All lines in the entries below that hold "summand" make up the answer.
[Raw data — start]
(* Let $(\mathcal{A},m)$ be a multiarrangement and $H_0\in\mathcal{A}$. Then $(\mathcal{A},m+k\delta_{H_0})$ has a good summand to $H_0$ for all sufficiently large integers $k$.
   Context: Let $\mathbb{K}$ be a field, $S=\mathbb{K}[x_1,\dots,x_\ell]$. A multiarrangement $(\mathcal{A},m)$ is a finite set of linear hyperplanes $H=\ker\alpha_H$ of $\mathbb{K}^\ell$ with multiplicity $m:\mathcal{A}\to\mathbb{Z}_{>0}$. $D(\mathcal{A},m)=\{\theta\in\mathrm{Der}_{\mathbb{K}}(S):\theta(\alpha_H)\in\alpha_H^{m(H)}S\ \forall H\}$. $\delta_{H_0}$ is the function on $\mathcal{A}$ equal to $1$ at $H_0$ and $0$ elsewhere. A good summand to $H_0$ for $(\mathcal{A},m)$ is a homogeneous $\theta_0\in D(\mathcal{A},m)$ with all $\theta_0(x_i)$ zero or homogeneous of degree $m(H_0)$, and $\theta_0(\alpha_{H_0})=\alpha_{H_0}^{m(H_0)}$. *)

theory Defs
  imports "HOL-Library.Poly_Mapping"
begin

text \<open>Multivariate polynomials over a field: finitely supported maps from monomials
  (exponent vectors) to coefficients. Variable x_i corresponds to index i;
  the ring S = K[x_0,...,x_(l-1)] is the set of polynomials only involving variables i < l.\<close>

type_synonym 'a mpoly = "(nat \<Rightarrow>\<^sub>0 nat) \<Rightarrow>\<^sub>0 'a"

definition in_S :: "nat \<Rightarrow> 'a::field mpoly \<Rightarrow> bool" where
  "in_S l p \<longleftrightarrow> (\<forall>t::nat \<Rightarrow>\<^sub>0 nat. t \<in> Poly_Mapping.keys p \<longrightarrow> Poly_Mapping.keys t \<subseteq> {..<l})"

definition mdeg :: "(nat \<Rightarrow>\<^sub>0 nat) \<Rightarrow> nat" where
  "mdeg t = (\<Sum>i\<in>Poly_Mapping.keys t. Poly_Mapping.lookup t i)"

text \<open>Homogeneous of degree d (the zero polynomial counts as homogeneous of every degree).\<close>
definition homog :: "nat \<Rightarrow> 'a::field mpoly \<Rightarrow> bool" where
  "homog d p \<longleftrightarrow> (\<forall>t::nat \<Rightarrow>\<^sub>0 nat. t \<in> Poly_Mapping.keys p \<longrightarrow> mdeg t = d)"

definition var :: "nat \<Rightarrow> 'a::field mpoly" where
  "var i = Poly_Mapping.single (Poly_Mapping.single i 1) 1"

definition const :: "'a::field \<Rightarrow> 'a mpoly" where
  "const c = Poly_Mapping.single 0 c"

definition linform :: "nat \<Rightarrow> (nat \<Rightarrow> 'a::field) \<Rightarrow> 'a mpoly" where
  "linform l a = (\<Sum>i<l. const (a i) * var i)"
[Raw data — finish]
**Solved exercise:**
(* Let $(\mathcal{A},m)$ be a multiarrangement and $H_0\in\mathcal{A}$. Then $(\mathcal{A},m+k\delta_{H_0})$ has a good summand to $H_0$ for all sufficiently large integers $k$.
   Context: Let $\mathbb{K}$ be a field, $S=\mathbb{K}[x_1,\dots,x_\ell]$. A multiarrangement $(\mathcal{A},m)$ is a finite set of linear hyperplanes $H=\ker\alpha_H$ of $\mathbb{K}^\ell$ with multiplicity $m:\mathcal{A}\to\mathbb{Z}_{>0}$. $D(\mathcal{A},m)=\{\theta\in\mathrm{Der}_{\mathbb{K}}(S):\theta(\alpha_H)\in\alpha_H^{m(H)}S\ \forall H\}$. $\delta_{H_0}$ is the function on $\mathcal{A}$ equal to $1$ at $H_0$ and $0$ elsewhere. A good summand to $H_0$ for $(\mathcal{A},m)$ is a homogeneous $\theta_0\in D(\mathcal{A},m)$ with all $\theta_0(x_i)$ zero or homogeneous of degree $m(H_0)$, and $\theta_0(\alpha_{H_0})=\alpha_{H_0}^{m(H_0)}$. *)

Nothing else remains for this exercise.